In [1]:
from pandas import DataFrame
%matplotlib inline
from datetime import datetime

import numpy as np
from matplotlib import pyplot as plt

from benchmark import run_benchmark, run_benchmark_comparison
from lowcarb.carbon_sdk_webapi import CarbonSDK_WebAPI

try:
    plt.style.use('./util//matplotlib_stylesheet.mplstyle')
except OSError:
    pass

Using the public CarbonSDK_WebAPI from the hackathon. Appears to have the full access to worldwide data

In [2]:
api = CarbonSDK_WebAPI('https://carbon-aware-api.azurewebsites.net')

# Multi Region Benchmarks

In [3]:
config = {
    'selected_regions': ['westcentralus', 'ukwest', 'uksouth', 'westeurope', 'westus', 'australiacentral', 'australiaeast', 'swedencentral', 'norwaywest', 'norwayeast', 'northeurope', 'centralus', 'francesouth', 'francecentral'],
    'sim_start': datetime(year=2022, day=5, month=10, hour=0, minute=0, second=0),
    'sim_end': datetime(year=2022, day=9, month=10, hour=0, minute=0, second=0),
    'round_time': 12,   ###scheduling window in hours
    'windowSize': 60,   ###workload durating in minutes
    'num_clients': 3,
}

## Random Client Selection

In [4]:
###### this client selector selects random 3 clients
def random_select_clients(api, config: dict, i_round: int, round_start_time: datetime, available_clients: DataFrame, num_clients: int) -> DataFrame:
    selected_clients = available_clients.sample(num_clients)
    selected_clients.loc[:, 'scheduled_time'] = np.zeros(num_clients)
    return selected_clients

In [5]:
result = run_benchmark(api, config, random_select_clients)
print(f'Total training emission: {result["emissions_total"].sum()}')
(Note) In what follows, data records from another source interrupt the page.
(* Let $n\ge 1$, let $x^*\in\{0,1\}^n$, and let $\mathcal{D}$ be a finite nonempty background dataset of pairs $(x,y)$ with $x\in\{0,1\}^n$. Fix $f\in\{0,1\}^n$ and let $\Psi_f(x)=(-1)^{\langle f,x\rangle}$. Then for every $i\in[n]$, the SHAP value of $\Psi_f$ at $x^*$ with respect to $\mathcal{D}$ is $$\phi_i^{\Psi_f} \;=\; -\frac{2f_i}{|\mathcal{D}|}\sum_{(x,y)\in\mathcal{D}} \mathbb{1}_{x_i\neq x^*_i}\,(-1)^{\langle f,x\rangle}\,\frac{(|A|+1)\bmod 2}{|A|+1},$$ where $A=A(x)\triangleq\{j\in[n]\;:\; x_j\neq x^*_j,\ j\neq i,\ f_j=1\}$.
   Context: $[n]=\{1,\dots,n\}$ is the set of features and $\langle f,x\rangle=\sum_j f_jx_j$. For $S\subseteq[n]$ and $x,x^*\in\{0,1\}^n$, $x^*_S\oplus x_{[n]\setminus S}$ (also written $(x^*_S,x_{[n]\setminus S})$) denotes the vector $z\in\{0,1\}^n$ with $z_j=x^*_j$ for $j\in S$ and $z_j=x_j$ for $j\notin S$. For a function $h:\{0,1\}^n\to\mathbb{R}$, the value function is $v_h(S)=\frac{1}{|\mathcal{D}|}\sum_{(x,y)\in\mathcal{D}} h(x^*_S\oplus x_{[n]\setminus S})$ (sum over the dataset counted with multiplicity), and the SHAP value of feature $i$ is $\phi_i^h=\sum_{S\subseteq[n]\setminus\{i\}}\frac{|S|!\,(n-|S|-1)!}{n!}\bigl(v_h(S\cup\{i\})-v_h(S)\bigr)$. $\mathbb{1}_{x_i\neq x^*_i}$ is $1$ if $x_i\neq x^*_i$ and $0$ otherwise. *)

theory Defs
  imports Complex_Main "HOL-Library.Multiset"
begin

text \<open>Binary vectors in {0,1}^n are functions nat => nat; only the coordinates 1..n matter.\<close>

definition binvec :: "nat \<Rightarrow> (nat \<Rightarrow> nat) \<Rightarrow> bool" where
  "binvec n x \<longleftrightarrow> (\<forall>j\<in>{1..n}. x j \<in> {0,1})"

definition inner_bin :: "nat \<Rightarrow> (nat \<Rightarrow> nat) \<Rightarrow> (nat \<Rightarrow> nat) \<Rightarrow> nat" where
  "inner_bin n f x = (\<Sum>j\<in>{1..n}. f j * x j)"

definition Psi :: "nat \<Rightarrow> (nat \<Rightarrow> nat) \<Rightarrow> (nat \<Rightarrow> nat) \<Rightarrow> real" where
  "Psi n f x = (-1) ^ inner_bin n f x"

definition merge :: "nat set \<Rightarrow> (nat \<Rightarrow> nat) \<Rightarrow> (nat \<Rightarrow> nat) \<Rightarrow> (nat \<Rightarrow> nat)" where
  "merge S xs x = (\<lambda>j. if j \<in> S then xs j else x j)"

definition vfun :: "(nat \<Rightarrow> nat) \<Rightarrow> ((nat \<Rightarrow> nat) \<times> 'b) multiset \<Rightarrow>
    ((nat \<Rightarrow> nat) \<Rightarrow> real) \<Rightarrow> nat set \<Rightarrow> real" where
  "vfun xs D h S = (\<Sum>\<^sub># (image_mset (\<lambda>(x, y). h (merge S xs x)) D)) / real (size D)"

definition shap :: "nat \<Rightarrow> (nat \<Rightarrow> nat) \<Rightarrow> ((nat \<Rightarrow> nat) \<times> 'b) multiset \<Rightarrow>
    ((nat \<Rightarrow> nat) \<Rightarrow> real) \<Rightarrow> nat \<Rightarrow> real" where
  "shap n xs D h i = (\<Sum>S\<in>Pow ({1..n} - {i}).
      fact (card S) * fact (n - card S - 1) / fact n
      * (vfun xs D h (insert i S) - vfun xs D h S))"

end

theory Submission
  imports Defs
begin

text \<open>
  SHAP is linear in the value function, which averages over the dataset, so it suffices to
  treat a single background point \<open>x\<close>. Overwriting the coordinates in \<open>S\<close> of \<open>x\<close> by those
  of \<open>x\<^sup>*\<close> multiplies \<open>\<Psi>\<^sub>f(x)\<close> by \<open>(-1)\<^bsup>|S \<inter> B|\<^esup>\<close>, where \<open>B\<close> is the set of coordinates
  \<open>j\<close> with \<open>f\<^sub>j = 1\<close> and \<open>x\<^sub>j \<noteq> x\<^sup>*\<^sub>j\<close>. Hence feature \<open>i\<close> has zero marginal contribution unless
  \<open>i \<in> B\<close>, and then contributes \<open>-2 \<Psi>\<^sub>f(x) (-1)\<^bsup>|S \<inter> A|\<^esup>\<close> with \<open>A = B - {i}\<close>. In the Shapley
  average of these signs the features outside \<open>A\<close> are dummies, because consecutive Shapley
  weights telescope, and on \<open>A\<close> itself each size class \<open>k\<close> contributes \<open>(-1)\<^sup>k / (|A| + 1)\<close>.
\<close>

lemma sum_sum_mset_swap:
  "(\<Sum>S\<in>P. \<Sum>\<^sub># (image_mset (g S) D)) = \<Sum>\<^sub># (image_mset (\<lambda>p. \<Sum>S\<in>P. g S p) D)"
  by (induction D) (simp_all add: sum.distrib)

lemma sum_mset_diff_real:
  "\<Sum>\<^sub># (image_mset (\<lambda>p. g p - h p) D) = \<Sum>\<^sub># (image_mset g D) - (\<Sum>\<^sub># (image_mset h D) :: real)"
  by (induction D) simp_all

lemma vfun_eq_mean:
  "vfun xs D h S = \<Sum>\<^sub># (image_mset (\<lambda>p. vfun xs {#p#} h S) D) / real (size D)"
  by (simp add: vfun_def case_prod_unfold)

lemma shap_eq_mean:
  "shap n xs D h i = \<Sum>\<^sub># (image_mset (\<lambda>p. shap n xs {#p#} h i) D) / real (size D)"
proof -
  let ?c = "\<lambda>S. fact (card S) * fact (n - card S - 1) / fact n :: real"
  let ?\<Delta> = "\<lambda>S p. vfun xs {#p#} h (insert i S) - vfun xs {#p#} h S"
  have "shap n xs D h i
      = (\<Sum>S\<in>Pow ({1..n} - {i}). \<Sum>\<^sub># (image_mset (\<lambda>p. ?c S * ?\<Delta> S p) D) / real (size D))"
    unfolding shap_def
    by (intro sum.cong refl, subst (1 2) vfun_eq_mean)
      (simp only: sum_mset_distrib_left[symmetric] sum_mset_diff_real
        diff_divide_distrib[symmetric] times_divide_eq_right)
  also have "\<dots> = \<Sum>\<^sub># (image_mset (\<lambda>p. shap n xs {#p#} h i) D) / real (size D)"
    by (simp add: shap_def sum_divide_distrib[symmetric] sum_sum_mset_swap)
  finally show ?thesis .
qed

text \<open>The Shapley weight of a coalition of size \<open>s\<close> among the \<open>m\<close> other players;
  \<open>shap\<close> uses \<open>shapley_weight (n - 1)\<close>.\<close>

definition shapley_weight :: "nat \<Rightarrow> nat \<Rightarrow> real" where
  "shapley_weight m s = fact s * fact (m - s) / fact (Suc m)"

lemma shapley_weight_Suc:
  assumes "s \<le> m"
  shows "shapley_weight (Suc m) s + shapley_weight (Suc m) (Suc s) = shapley_weight m s"
proof -
  define c :: real where "c = fact s * fact (m - s) / fact (Suc (Suc m))"
  have "shapley_weight (Suc m) s = real (Suc m - s) * c"
    unfolding shapley_weight_def c_def using assms by (simp add: Suc_diff_le)
  moreover have "shapley_weight (Suc m) (Suc s) = real (Suc s) * c"
    unfolding shapley_weight_def c_def by simp
  moreover have "shapley_weight m s = real (Suc (Suc m)) * c"
    unfolding shapley_weight_def c_def by (simp del: fact_Suc add: fact_Suc[of "Suc m"])
  ultimately show ?thesis
    using assms by (simp add: ring_distribs(2)[symmetric] of_nat_add[symmetric] del: of_nat_add)
qed

lemma shapley_weight_binomial:
  assumes "k \<le> a"
  shows "real (a choose k) * shapley_weight a k = 1 / real (Suc a)"
proof -
  have "real (a choose k) * (fact k * fact (a - k)) = fact a"
    using binomial_fact_lemma[OF assms] by (metis of_nat_fact of_nat_mult mult.commute)
  moreover have "fact (Suc a) = real (Suc a) * (fact a :: real)" by simp
  ultimately show ?thesis
    unfolding shapley_weight_def by (simp add: divide_simps del: fact_Suc)
qed

lemma alternating_sum_atMost:
  "(\<Sum>k\<le>a. (-1::real) ^ k) = real ((a + 1) mod 2)"
  by (induction a) (auto simp: mod_Suc minus_one_power_iff)

definition parity_shapley_sum :: "nat set \<Rightarrow> nat set \<Rightarrow> real" where
  "parity_shapley_sum M A =
     (\<Sum>S\<in>Pow M. shapley_weight (card M) (card S) * (-1) ^ card (S \<inter> A))"

lemma parity_shapley_sum_insert_dummy:
  assumes "finite M" "e \<notin> M" "e \<notin> A"
  shows "parity_shapley_sum (insert e M) A = parity_shapley_sum M A"
proof -
  let ?w = "shapley_weight (card M)" and ?w' = "shapley_weight (Suc (card M))"
  let ?sgn = "\<lambda>S. (-1::real) ^ card (S \<inter> A)"
  have inj: "inj_on (insert e) (Pow M)"
    using assms(2) by (intro inj_onI) (metis Pow_iff insert_ident subsetD)
  have "parity_shapley_sum (insert e M) A
      = (\<Sum>S\<in>Pow M. ?w' (card S) * ?sgn S) + (\<Sum>S\<in>insert e ` Pow M. ?w' (card S) * ?sgn S)"
    unfolding parity_shapley_sum_def Pow_insert using assms
    by (subst sum.union_disjoint) auto
  also have "(\<Sum>S\<in>insert e ` Pow M. ?w' (card S) * ?sgn S) = (\<Sum>S\<in>Pow M. ?w' (Suc (card S)) * ?sgn S)"
    unfolding sum.reindex[OF inj] using assms
    by (intro sum.cong refl) (auto simp: finite_subset card_insert_if)
  also have "(\<Sum>S\<in>Pow M. ?w' (card S) * ?sgn S) + \<dots> = (\<Sum>S\<in>Pow M. ?w (card S) * ?sgn S)"
    unfolding sum.distrib[symmetric] using assms(1)
    by (intro sum.cong refl) (simp add: shapley_weight_Suc card_mono flip: distrib_right)
  finally show ?thesis unfolding parity_shapley_sum_def .
qed

lemma parity_shapley_sum_self:
  assumes "finite A"
  shows "parity_shapley_sum A A = real ((card A + 1) mod 2) / real (card A + 1)"
proof -
  let ?a = "card A"
  have "parity_shapley_sum A A = (\<Sum>S\<in>Pow A. shapley_weight ?a (card S) * (-1) ^ card S)"
    unfolding parity_shapley_sum_def by (intro sum.cong refl) (auto simp: Int_absorb2)
  also have "\<dots> = (\<Sum>k\<le>?a. \<Sum>S\<in>{S\<in>Pow A. card S = k}. shapley_weight ?a (card S) * (-1) ^ card S)"
    using assms by (intro sum.group[symmetric]) (auto simp: card_mono)
  also have "\<dots> = (\<Sum>k\<le>?a. real (?a choose k) * shapley_weight ?a k * (-1) ^ k)"
    using assms by (simp add: n_subsets mult.assoc)
  also have "\<dots> = (\<Sum>k\<le>?a. (-1) ^ k) / real (?a + 1)"
    by (simp add: shapley_weight_binomial sum_divide_distrib)
  finally show ?thesis by (simp add: alternating_sum_atMost)
qed

lemma parity_shapley_sum_eq:
  assumes "finite M" "A \<subseteq> M"
  shows "parity_shapley_sum M A = real ((card A + 1) mod 2) / real (card A + 1)"
proof -
  have "parity_shapley_sum (A \<union> C) A = parity_shapley_sum A A" if "finite C" "C \<subseteq> M - A" for C
    using that
    by (induction C rule: finite_subset_induct)
      (use assms in \<open>auto simp: finite_subset parity_shapley_sum_insert_dummy\<close>)
  from this[of "M - A"] assms show ?thesis
    by (simp add: Un_absorb1 Un_Diff_cancel parity_shapley_sum_self finite_subset)
qed

definition sign_flips :: "nat \<Rightarrow> (nat \<Rightarrow> nat) \<Rightarrow> (nat \<Rightarrow> nat) \<Rightarrow> (nat \<Rightarrow> nat) \<Rightarrow> nat set" where
  "sign_flips n f xs x = {j \<in> {1..n}. f j = 1 \<and> x j \<noteq> xs j}"

lemma Psi_eq_prod: "Psi n f z = (\<Prod>j\<in>{1..n}. (-1) ^ (f j * z j))"
  unfolding Psi_def inner_bin_def by (simp add: power_sum)

lemma Psi_merge:
  assumes "binvec n x" "binvec n xs" "binvec n f" "S \<subseteq> {1..n}"
  shows "Psi n f (merge S xs x) = Psi n f x * (-1) ^ card (S \<inter> sign_flips n f xs x)"
proof -
  let ?B = "sign_flips n f xs x"
  have "S \<inter> ?B = {1..n} \<inter> {j. j \<in> S \<inter> ?B}"
    by (auto simp: sign_flips_def)
  then have "(-1::real) ^ card (S \<inter> ?B) = (\<Prod>j\<in>{1..n}. if j \<in> S \<inter> ?B then -1 else 1)"
    by (simp add: prod.If_cases)
  moreover have "(-1::real) ^ (f j * merge S xs x j) = (-1) ^ (f j * x j) * (if j \<in> S \<inter> ?B then -1 else 1)"
    if "j \<in> {1..n}" for j
  proof -
    have "f j \<in> {0, 1}" "x j \<in> {0, 1}" "xs j \<in> {0, 1}"
      using assms(1-3) that by (auto simp: binvec_def)
    then show ?thesis
      using that by (auto simp: merge_def sign_flips_def)
  qed
  ultimately show ?thesis
    unfolding Psi_eq_prod by (simp add: prod.distrib)
qed

lemma Psi_merge_insert_diff:
  assumes "binvec n x" "binvec n xs" "binvec n f" "S \<subseteq> {1..n} - {i}" "i \<in> {1..n}"
  shows "Psi n f (merge (insert i S) xs x) - Psi n f (merge S xs x) =
    (if i \<in> sign_flips n f xs x
     then - 2 * Psi n f x * (-1) ^ card (S \<inter> (sign_flips n f xs x - {i})) else 0)"
proof -
  let ?B = "sign_flips n f xs x"
  have S: "S \<subseteq> {1..n}" "insert i S \<subseteq> {1..n}" "finite S" "i \<notin> S"
    using assms(4,5) finite_subset by auto
  have S_B: "S \<inter> ?B = S \<inter> (?B - {i})" using S(4) by blast
  show ?thesis
  proof (cases "i \<in> ?B")
    case True
    then have "insert i S \<inter> ?B = insert i (S \<inter> (?B - {i}))" by blast
    then have "card (insert i S \<inter> ?B) = Suc (card (S \<inter> (?B - {i})))"
      using S(3) by simp
    then show ?thesis
      using True Psi_merge[OF assms(1-3) S(1)] Psi_merge[OF assms(1-3) S(2)] S_B by simp
  next
    case False
    then have "insert i S \<inter> ?B = S \<inter> ?B" by blast
    then show ?thesis
      using False Psi_merge[OF assms(1-3) S(1)] Psi_merge[OF assms(1-3) S(2)] by simp
  qed
qed

lemma shap_Psi_singleton:
  assumes "binvec n x" "binvec n xs" "binvec n f" "i \<in> {1..n}"
  shows "shap n xs {#(x, y)#} (Psi n f) i =
    - 2 * real (f i) * ((if x i \<noteq> xs i then 1 else 0) * Psi n f x *
      (let A = {j \<in> {1..n}. x j \<noteq> xs j \<and> j \<noteq> i \<and> f j = 1}
       in real ((card A + 1) mod 2) / real (card A + 1)))"
proof -
  let ?M = "{1..n} - {i}" and ?B = "sign_flips n f xs x"
  let ?A = "{j \<in> {1..n}. x j \<noteq> xs j \<and> j \<noteq> i \<and> f j = 1}"
  have card_M: "card ?M = n - 1" using assms(4) by simp
  have "shap n xs {#(x, y)#} (Psi n f) i = (\<Sum>S\<in>Pow ?M. shapley_weight (card ?M) (card S) *
      (Psi n f (merge (insert i S) xs x) - Psi n f (merge S xs x)))"
    unfolding shap_def vfun_def card_M shapley_weight_def
    using assms(4) by (intro sum.cong refl) (simp add: diff_diff_add)
  also have "\<dots> = (if i \<in> ?B then - 2 * Psi n f x * parity_shapley_sum ?M (?B - {i}) else 0)"
    unfolding parity_shapley_sum_def sum_distrib_left
    using assms by (auto simp: Psi_merge_insert_diff intro!: sum.cong sum.neutral)
  also have "?B - {i} = ?A"
    by (auto simp: sign_flips_def)
  also have "parity_shapley_sum ?M ?A = real ((card ?A + 1) mod 2) / real (card ?A + 1)"
    by (rule parity_shapley_sum_eq) auto
  moreover have "f i \<in> {0, 1}" using assms(3,4) by (auto simp: binvec_def)
  ultimately show ?thesis
    using assms(4) by (auto simp: sign_flips_def Let_def)
qed

theorem lemma1:
  fixes n :: nat and xs f :: "nat \<Rightarrow> nat" and D :: "((nat \<Rightarrow> nat) \<times> 'b) multiset" and i :: nat
  assumes "n \<ge> 1"
    and "binvec n xs"
    and "binvec n f"
    and "D \<noteq> {#}"
    and "\<forall>(x, y) \<in># D. binvec n x"
    and "i \<in> {1..n}"
  shows "shap n xs D (Psi n f) i =
    - (2 * real (f i) / real (size D)) *
      (\<Sum>\<^sub># (image_mset (\<lambda>(x, y).
          (if x i \<noteq> xs i then 1 else 0) * Psi n f x *
          (let A = {j \<in> {1..n}. x j \<noteq> xs j \<and> j \<noteq> i \<and> f j = 1}
           in real ((card A + 1) mod 2) / real (card A + 1))) D))"
proof -
  let ?T = "\<lambda>(x, y::'b). (if x i \<noteq> xs i then 1 else 0) * Psi n f x *
          (let A = {j \<in> {1..n}. x j \<noteq> xs j \<and> j \<noteq> i \<and> f j = 1}
           in real ((card A + 1) mod 2) / real (card A + 1))"
  have "shap n xs D (Psi n f) i = \<Sum>\<^sub># (image_mset (\<lambda>p. shap n xs {#p#} (Psi n f) i) D) / real (size D)"
    by (rule shap_eq_mean)
  also have "image_mset (\<lambda>p. shap n xs {#p#} (Psi n f) i) D = image_mset (\<lambda>p. - 2 * real (f i) * ?T p) D"
  proof (rule image_mset_cong)
    fix p assume "p \<in># D"
    with assms(5) obtain x y where "p = (x, y)" "binvec n x" by (cases p) auto
    with assms show "shap n xs {#p#} (Psi n f) i = - 2 * real (f i) * ?T p"
      by (simp add: shap_Psi_singleton)
  qed
  also have "\<Sum>\<^sub># \<dots> = - 2 * real (f i) * \<Sum>\<^sub># (image_mset ?T D)"
    by (rule sum_mset_distrib_left[symmetric])
  finally show ?thesis
    by (simp only: times_divide_eq_left mult.commute mult.left_commute mult_minus_left)
qed

end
Unnamed: 0,region,trained,untrained_since,emissions_total,emissions_1,emissions_2,emissions_3,emissions_4,emissions_5,emissions_6,emissions_7,emissions_8
0,westcentralus,2,5,1185.709355,593.998108,,591.711247,,,,,
1,ukwest,0,8,0.0,,,,,,,,
2,uksouth,2,2,765.11583,,,,374.100307,,391.015523,,
3,westeurope,1,1,415.301614,,,,,,,415.301614,
4,westus,0,8,0.0,,,,,,,,
5,australiacentral,2,0,1481.527179,,,,737.994786,,,,743.532393
6,australiaeast,4,4,2505.871048,735.103135,508.439247,524.33388,737.994786,,,,
7,swedencentral,2,6,1004.10231,545.293627,458.808682,,,,,,
8,norwaywest,3,0,1746.255026,,,,,588.366003,583.697781,,574.191241
9,norwayeast,1,3,588.366003,,,,,588.366003,,,


Total training emission: 12064.101766479587


## Round Robin Client Selection

In [6]:
####this client selector selects always the 3 least trained clients
def round_robin_select_clients(api, config: dict, i_round: int, round_start_time: datetime, available_clients: DataFrame, num_clients: int) -> DataFrame:
    selected_clients = available_clients.sort_values(by='untrained_since', ascending=False).iloc[0:num_clients]
    selected_clients.loc[:, 'scheduled_time'] = np.zeros(num_clients)
    return selected_clients

In [7]:
result = run_benchmark(api, config, round_robin_select_clients)
print(f'Total training emission: {result["emissions_total"].sum()}')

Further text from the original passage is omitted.